The 2001 SDS introduced an important objective to improve policy coherence, stating that “sustainable development should become the central objective of all sectors and policies”, and that “All policies must have sustainable development as their core concern” (original emphasis).
Following a declaration in 2009 by the European Council that “Sustainable development remains a fundamental objective of the European Union” and that the SDS “will continue to provide a long-term vision and constitute the overarching policy framework for all Union policies and strategies”, sustainable development as a policy imperative was incorporated in a new strategy termed Europe 2020, intended as a remedial to the 2008 economic crisis.24 Particular emphasis was placed on combatting climate change and delivering clean and efficient energy. As the title indicates, the strategy extended the EU’s policy and delivery horizon for sustainable development from 2010 to 2020.
The UN’s adoption of its 2030 Agenda necessitated further reflection and review of the EU’s programme for sustainable development, not least because of a new set of SDGs and a new delivery horizon of 2030 (see Chapter for details). Responding to a reflection paper published by the Commission, the incoming presidency launched a revamped growth strategy, the European Green Deal (EGD) in December 2019 while continuing to mainstream the SDGs in EU policies. The EDG focused EU policy on the following themes:
increasing the EU’s climate ambition for 2030 and 2050
supplying clean, affordable and secure energy
mobilising industry for a clean and circular economy
building and renovating in an energy- and resource-efficient way
accelerating the shift to sustainable and smart mobility
from farm to fork: designing a fair, healthy and environmentally friendly food system
preserving and restoring ecosystems and biodiversity
a zero-pollution ambition for a toxic-free environment
Explicitly described as “the EU’s strategy for reaching the 2050 goal [of achieving climate neutrality – net zero by 2050]”, the EGD can be viewed as having a predominantly economic and environmental focus, despite its commitment to a “just transition” and for “sustainable competitiveness and social fairness and resilience”. To address more fully the broader aspects of the SDGs, supporting policies were proposed, for example on human rights, gender equality, taxation, minimum wage, education and skills. Nevertheless, the general consensus among commentators is that the EU continues to take a piecemeal approach to actioning the SDGs, and that there is a lack of cohesion in its policymaking processes, not least because implementation is left to the discretion of each Member State. The open question is whether it is sufficient for the EU to embrace sustainability and sustainable development in a general sense in EU policymaking with touchpoints to some of the UN SDGs and their targets, which it undoubtedly does, as evidenced in the Commission’s policy initiatives driving the eight themes of the EGD, or whether the EU should create more formal procedures to explicitly incorporate the UN SDGs and their indicators as a package into its policies, albeit tailored to suit regional circumstances (for instance, the EU tracks obesity as opposed to undernourishment under SDG 1).
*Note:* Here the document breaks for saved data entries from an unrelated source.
lemma rooted_comb_Cons:
  assumes comb: "rooted_comb E S c k L P Q" and "v \<notin> S" "E v c"
  shows "rooted_comb E (insert v S) v k L (v # P) Q"
proof -
  have P: "is_path E S P" "hd P = c" using comb by (auto simp: rooted_comb_def)
  have "is_path E (insert v S) (v # P)"
    using is_path_Cons[OF is_path_mono[OF P(1)]] is_path_subset[OF P(1)] P(2) assms(2,3) by blast
  moreover have "set (Q i) \<inter> set (v # P) = set (Q i) \<inter> set P" if "i < k" for i
    using comb that is_path_subset assms(2) unfolding rooted_comb_def by fastforce
  ultimately show ?thesis
    using comb is_path_mono[of E S _ "insert v S"] unfolding rooted_comb_def by auto
qed

lemma rooted_comb_add_tooth:
  assumes comb: "rooted_comb E S c k L P Q" and "v \<notin> S" "E v c"
    and T: "is_path E (insert v S') T" "hd T \<in> L" "last T = v" "2 \<le> length T"
    and "S \<inter> S' = {}"
  shows "rooted_comb E (insert v (S \<union> S')) v (Suc k) L (v # P) (Q(k := T))"
proof -
  have comb': "rooted_comb E (insert v (S \<union> S')) v k L (v # P) Q"
    by (rule rooted_comb_mono[OF rooted_comb_Cons[OF assms(1-3)]]) blast
  have "v \<in> set T" using T(3,4) last_in_set[of T] by fastforce
  moreover have "set P \<subseteq> S" using comb by (simp add: rooted_comb_def is_path_def)
  ultimately have meet_spine: "set T \<inter> set (v # P) = {last T}"
    using is_path_subset[OF T(1)] T(3) assms(8) by auto
  have avoid_teeth: "set (Q i) \<inter> set T = {}" if "i < k" for i
  proof -
    have "set (Q i) \<subseteq> S" using comb that by (simp add: rooted_comb_def is_path_def)
    then show ?thesis using is_path_subset[OF T(1)] assms(2,8) by blast
  qed
  have "is_path E (insert v (S \<union> S')) T" by (rule is_path_mono[OF T(1)]) blast
  then show ?thesis
    using comb' meet_spine avoid_teeth T(2,4) unfolding rooted_comb_def
    by (auto simp: less_Suc_eq Int_commute)
qed

lemma f_pos: "0 < f D b k"
  by (induction D b k rule: f.induct) auto

lemma f_mono: "f D b k \<le> f D (Suc b) k"
proof (induction D b k rule: f.induct)
  case (3 D k)
  then show ?case using f_pos[of D 1 "Suc k"] by simp
next
  case (4 D b k)
  then show ?case by (simp add: add_mono mult_le_mono2)
qed auto

lemma sum_large_imp_ex_above_threshold:
  fixes n :: "'c \<Rightarrow> nat"
  assumes "finite C" "card C \<le> D" "B \<le> A"
    and heavy_unique: "\<And>h h'. h \<in> C \<Longrightarrow> h' \<in> C \<Longrightarrow> H h \<Longrightarrow> H h' \<Longrightarrow> h = h'"
    and large: "A + (D - 1) * B < sum n C"
  shows "\<exists>c\<in>C. (if H c then A else B) < n c"
proof (rule ccontr)
  assume "\<not> ?thesis"
  then have below: "n c \<le> (if H c then A else B)" if "c \<in> C" for c
    using that by (meson not_less)
  have "sum n C \<le> A + (D - 1) * B"
  proof (cases "\<exists>h\<in>C. H h")
    case True
    then obtain h where h: "h \<in> C" "H h" by blast
    have "n c \<le> B" if "c \<in> C - {h}" for c
    proof -
      have "\<not> H c" using heavy_unique h that by blast
      then show ?thesis using below[of c] that by simp
    qed
    then have "sum n (C - {h}) \<le> card (C - {h}) * B"
      by (intro sum_bounded_above[where K = B, simplified])
    also have "\<dots> \<le> (D - 1) * B"
      using assms(1,2) h(1) by (intro mult_le_mono1) simp
    finally show ?thesis
      using sum.remove[OF assms(1) h(1), of n] below[OF h(1)] h(2) by simp
  next
    case False
    then have "sum n C \<le> card C * B"
      using below by (intro sum_bounded_above[where K = B, simplified]) auto
    also have "\<dots> \<le> D * B" using assms(2) by (simp add: mult_le_mono1)
    also have "\<dots> \<le> A + (D - 1) * B" using assms(3) by (cases D) auto
    finally show ?thesis .
  qed
  then show False using large by simp
qed

locale finite_rooted_tree =
  fixes V :: "'a set" and E :: "'a \<Rightarrow> 'a \<Rightarrow> bool" and r :: 'a
  assumes rooted_tree: "rooted_tree V E r"
begin

lemma finite_V: "finite V"
  and root_in_V: "r \<in> V"
  and edge_sym: "E x y \<Longrightarrow> E y x"
  and edge_irrefl: "E x y \<Longrightarrow> x \<noteq> y"
  and edge_in_V: "E x y \<Longrightarrow> x \<in> V \<and> y \<in> V"
  and ex1_path: "x \<in> V \<Longrightarrow> y \<in> V \<Longrightarrow> \<exists>!ps. is_path E V ps \<and> hd ps = x \<and> last ps = y"
  using rooted_tree by (simp_all add: rooted_tree_def is_tree_def)

lemma path_unique:
  assumes "is_path E V ps" "is_path E V qs" "hd ps = hd qs" "last ps = last qs"
  shows "ps = qs"
proof -
  have "hd ps \<in> V" "last ps \<in> V"
    using assms(1) is_path_subset is_path_nonempty by (metis hd_in_set last_in_set subsetD)+
  with ex1_path assms show ?thesis by metis
qed

definition root_path :: "'a \<Rightarrow> 'a list" where
  "root_path w = (THE ps. is_path E V ps \<and> hd ps = r \<and> last ps = w)"

definition subtree :: "'a \<Rightarrow> 'a set" where
  "subtree v = {w \<in> V. v \<in> set (root_path w)}"

(* The guard v \<in> V matters: root_path is unspecified outside V. *)
definition children :: "'a \<Rightarrow> 'a set" where
  "children v = {c \<in> V. v \<in> V \<and> root_path c = root_path v @ [c]}"

lemma root_path: "w \<in> V \<Longrightarrow> is_path E V (root_path w) \<and> hd (root_path w) = r \<and> last (root_path w) = w"
  unfolding root_path_def by (rule theI') (rule ex1_path[OF root_in_V])

lemma root_path_nonempty: "w \<in> V \<Longrightarrow> root_path w \<noteq> []"
  using root_path is_path_nonempty by blast

lemma root_path_eq: "is_path E V ps \<Longrightarrow> hd ps = r \<Longrightarrow> root_path (last ps) = ps"
  using path_unique root_path is_path_subset is_path_nonempty by (metis last_in_set subsetD)

lemma root_path_root: "root_path r = [r]"
  using root_path_eq[OF is_path_singleton[OF root_in_V]] by simp

lemma in_root_path_self: "w \<in> V \<Longrightarrow> w \<in> set (root_path w)"
  using root_path root_path_nonempty by (metis last_in_set)

lemma root_path_nth:
  assumes "w \<in> V" "i < length (root_path w)"
  shows "root_path (root_path w ! i) = take (Suc i) (root_path w)"
proof -
  have "is_path E V (take (Suc i) (root_path w))" using is_path_take root_path[OF assms(1)] by blast
  moreover have "hd (take (Suc i) (root_path w)) = r"
    using root_path[OF assms(1)] root_path_nonempty[OF assms(1)] by simp
  moreover have "last (take (Suc i) (root_path w)) = root_path w ! i"
    using assms(2) by (simp add: take_Suc_conv_app_nth)
  ultimately show ?thesis using root_path_eq by metis
qed

lemma in_root_pathE:
  assumes "w \<in> V" "u \<in> set (root_path w)"
  obtains i where "i < length (root_path w)" "u = root_path w ! i"
    "root_path u = take (Suc i) (root_path w)"
  using root_path_nth assms by (metis in_set_conv_nth)

lemma subtree_subset_V: "subtree v \<subseteq> V"
  by (auto simp: subtree_def)

lemma finite_subtree: "finite (subtree v)"
  using subtree_subset_V finite_V finite_subset by blast

lemma in_subtree_self: "v \<in> V \<Longrightarrow> v \<in> subtree v"
  using in_root_path_self by (simp add: subtree_def)

lemma subtree_root: "subtree r = V"
proof -
  have "r \<in> set (root_path w)" if "w \<in> V" for w
    using root_path[OF that] root_path_nonempty[OF that] by (metis hd_in_set)
  then show ?thesis by (auto simp: subtree_def)
qed

lemma child_in_V: "c \<in> children v \<Longrightarrow> c \<in> V"
  and parent_in_V: "c \<in> children v \<Longrightarrow> v \<in> V"
  and root_path_child: "c \<in> children v \<Longrightarrow> root_path c = root_path v @ [c]"
  by (simp_all add: children_def)

lemma child_not_in_root_path: "c \<in> children v \<Longrightarrow> c \<notin> set (root_path v)"
  using root_path[OF child_in_V] root_path_child unfolding is_path_def by fastforce

lemma child_ne_root: "c \<in> children v \<Longrightarrow> c \<noteq> r"
  using root_path_child root_path_root root_path_nonempty[OF parent_in_V] by fastforce

lemma edge_child: "c \<in> children v \<Longrightarrow> E v c"
  using is_path_snoc_edge[of E V "root_path v" c] root_path[OF child_in_V] root_path[OF parent_in_V]
    root_path_nonempty[OF parent_in_V] root_path_child by metis

lemma children_subset_neighbours: "children v \<subseteq> {w \<in> V. E v w}"
  using edge_child child_in_V by blast

lemma finite_children: "finite (children v)"
  by (rule finite_subset[OF _ finite_V]) (auto dest: child_in_V)

lemma subtree_child_subset: "c \<in> children v \<Longrightarrow> subtree c \<subseteq> subtree v"
proof
  fix w assume c: "c \<in> children v" and "w \<in> subtree c"
  then have w: "w \<in> V" "c \<in> set (root_path w)" by (auto simp: subtree_def)
  then obtain i where "root_path c = take (Suc i) (root_path w)" by (rule in_root_pathE)
  then have "set (root_path v) \<subseteq> set (root_path w)"
    using root_path_child[OF c] by (metis set_append set_take_subset le_supE)
  then show "w \<in> subtree v"
    using in_root_path_self[OF parent_in_V[OF c]] w(1) by (auto simp: subtree_def)
qed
There have been persistent calls from the Council of the EU (the Council of Ministers), the European Council (setting the overall political direction and priorities of the EU) and the European Parliament for the Commission to develop a comprehensive implementation strategy for the 2030 Agenda and the SDGs. The latest resolution of the European Parliament (June 2022) emphasises the urgency of the task, and “Calls for the Commission to adopt a new high-level EU 2030 Agenda implementation strategy … building on EU resolutions and policy directives aimed at achieving the SDGs, given that there are fewer than eight years left to achieve the 2030 Agenda …”.25 ,26 Included in the strategy should be: (a) a new governance framework, led by a single high-level Commissioner; (b) a revised set of concrete measurable, EU-wide, time-bound targets; (c) an updated monitoring system and indicators bearing in mind the voluntary nature of regional and local SDG reviews; (d) a single financial plan to achieve the EU’s SDG objectives, linked to the above targets; and (e) a plan for the EU’s SDG diplomacy and international cooperation.
It remains to be seen which direction the Commission will take to address the concerns expressed by its governing bodies.
1.4.3 Achieving SDGs in India
India’s national development goals and commitment to “Sabka Saath, Sabka Vikas” (Collective Efforts, Inclusive Growth) chimes with the aims of the SDGs. The National Institution for Transforming India (NITI Aayog) was set up by the Government of India in 2014 with the twin mandate to oversee the adoption and monitoring of the SDGs in the country and promote competitive and cooperative federalism among States and the Union Territories. As reported by NITI Ayog, continuous engagement with the 29 States and 7 Union Territories during the course of construction of the SDG India Index in partnership with United Nations India reinforced the belief that the SDGs can be achieved by India if they are achieved at the subnational levels with appropriate national legislation and policy instruments.27 In fact, the SDGs, with their focus on equality, inclusion and the principle of “leave no one behind”, make the nations responsible to implement the same with significant roles. However, the wide diversities among the Indian states in localising the SDG agenda in their respective development planning–implementation–advocacy–evaluation strategies have created the need to document the varied localisation processes in different States and the lessons learnt, which will help to accelerate the country’s drive to achieve the UN 2030 Agenda.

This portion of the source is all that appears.